It is incorrect to return reference to stack-allocated data, as it will immediately outlive the object it refers to. The only kind of references that can always be returned, no questions asked, are those whose lifetime is 'static - which Rust will carefully check. References to freshly allocated data are definitely not 'static.

Fortunately, there is a way around it: it is safe to return a reference when Rust can prove that the reference outlives the data. For example:

// Memory backed by a Vec
struct VecMemory {
    data: Vec<u8>
}

impl VecMemory {
    fn as_slice(&self) -> &[u8] {
        &self.data
    }
}

as_slice() may return a reference because that reference provably outlives the object it refers to. If we undo the lifetime elision, the signature of as_slice() would be:

fn as_slice<'a>(&'a self) -> &'a [u8]

The next question is what should the closure return? If it returned a Vec, as suggested by @E_net4, or a VecMemory (which again just holds a Vec), then the use of a vector as the underlying storage would be baked into the interface. To support different storage types, the closure should return what other languages would call an interface. The closest Rust equivalent is a trait object, which is specified in return context as Box<SomeTrait>.
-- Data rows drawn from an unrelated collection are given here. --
lemma K_even_part:
  fixes f :: "real \<Rightarrow> real"
  assumes int: "integrable lborel (\<lambda>s. K s * f s)"
  shows "integrable lborel (\<lambda>s. K s * ((f s + f (- s)) / 2))"
    and "(LINT s|lborel. K s * f s) = (LINT s|lborel. K s * ((f s + f (- s)) / 2))"
proof -
  have i2: "integrable lborel (\<lambda>s. K s * f (- s))"
    using lborel_integrable_reflect[OF int] K_sym by (metis (no_types, lifting) ext)
  have refl: "(LINT s|lborel. K s * f s) = (LINT s|lborel. K s * f (- s))"
    using lborel_integral_reflect[of "\<lambda>s. K s * f s"] K_sym by simp
  have eq: "(\<lambda>s. K s * ((f s + f (- s)) / 2)) = (\<lambda>s. (K s * f s + K s * f (- s)) / 2)"
    by (simp add: algebra_simps)
  show "integrable lborel (\<lambda>s. K s * ((f s + f (- s)) / 2))"
    unfolding eq using int i2 by simp
  show "(LINT s|lborel. K s * f s) = (LINT s|lborel. K s * ((f s + f (- s)) / 2))"
    unfolding eq using int i2 refl by simp
qed

text \<open>Since \<open>\<integral> K = 1\<close>, the kernel charges every set of positive measure away from \<open>0\<close>:
  integrals of weights positive off the origin are positive.\<close>
lemma K_integral_pos:
  assumes w0: "\<And>s. 0 \<le> w s" and wp: "\<And>s. s \<noteq> 0 \<Longrightarrow> 0 < w s"
    and int: "integrable lborel (\<lambda>s. K s * w s)"
  shows "0 < (LINT s|lborel. K s * w s)"
proof -
  have "0 \<le> (LINT s|lborel. K s * w s)"
    by (rule Bochner_Integration.integral_nonneg) (use K_nonneg w0 in simp)
  moreover have "(LINT s|lborel. K s * w s) \<noteq> 0"
  proof
    assume "(LINT s|lborel. K s * w s) = 0"
    hence "AE s in lborel. K s * w s = 0"
      using integral_nonneg_eq_0_iff_AE[OF int] K_nonneg w0 by simp
    hence "AE s in lborel. K s = 0"
      using AE_lborel_singleton[of 0]
    proof eventually_elim
      case (elim s) thus ?case using wp[of s] by auto
    qed
    hence "(LINT s|lborel. K s) = (LINT (s::real)|lborel. (0::real))"
      using K_meas by (intro Bochner_Integration.integral_cong_AE) auto
    thus False using K_one by simp
  qed
  ultimately show ?thesis by simp
qed

lemma integrable_K_cosh: "integrable lborel (\<lambda>s. K s * cosh (b * s))"
proof -
  have "integrable lborel (\<lambda>s. (K s * exp (b * s) + K s * exp ((- b) * s)) / 2)"
    by (intro integrable_divide_zero Bochner_Integration.integrable_add K_exp)
  moreover have "(\<lambda>s. (K s * exp (b * s) + K s * exp ((- b) * s)) / 2) = (\<lambda>s. K s * cosh (b * s))"
    by (rule ext) (simp add: cosh_def algebra_simps)
  ultimately show ?thesis by (simp only:)
qed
With this design, the closure effectively heap-allocates a resource management object and returns a two-pointer-sized box that provides ownership and a uniform interface to the heap-allocated value. The user of the box is communicating with the implementation only through the box, which uses an internal vtable to talk to the implementation. (Pointer to the vtable is the reason why the Box itself takes up two pointers, not one.) In other words, return value of the closure is such that it erases the concrete type returned.

use std::fs::File;
use std::io::prelude::*;

trait Memory {
    fn as_slice(&self) -> &[u8];
    // a real-life trait would likely also define
    // as_slice(&mut self) -> &mut [u8]
}

// Memory backed by a Vec
struct VecMemory {
    data: Vec<u8>
}

impl Memory for VecMemory {
    fn as_slice(&self) -> &[u8] {
        &self.data
    }
}

fn main() {
    test(&|path| {
        if false {
            let mut data: Vec<u8> = Vec::new();
            let mut file = File::open(path).unwrap();
            file.read_to_end(&mut data).unwrap();
            return Some(Box::new(VecMemory { data: data }));
        }
        None
    });
}

// loader returns a boxed trait object whose underlying memory
// can be accessed as long as the box is alive.
fn test<'a>(_loader: &Fn(&str) -> Option<Box<Memory>>) {}

To use mmap for the storage, one would write a different Memory implementation, say Mmap. This one would store the raw pointer and the size of the memory returned by mmap(). It would call mmap() in new() and munmap() in Drop::drop. Most importantly, Mmap would implement Memory using an unsafe block to construct a slice from the stored pointer and length. Again, this is safe because lifetime of the reference will be tied to the lifetime of Mmap.

user4815162342
  • 141,790
  • 18
  • 296
  • 355
2

You do not want to return a reference here because your data only exists inside the closure. Unless you wish to change the callback API to something that modifies a buffer by mutable reference, a simpler (and still idiomatic) approach would be returning the vector.

test(&|path| {
    if false {
        let mut data: Vec<u8> = Vec::new();
        let mut file = File::open(path).unwrap();
        file.read_to_end(&mut data).unwrap();
        return Some(data);
    }
    None
});

Then, modify the consumer function test to return the vector, thus retaining ownership. If you need to, you can obtain a reference to the data inside the vector by calling as_slice.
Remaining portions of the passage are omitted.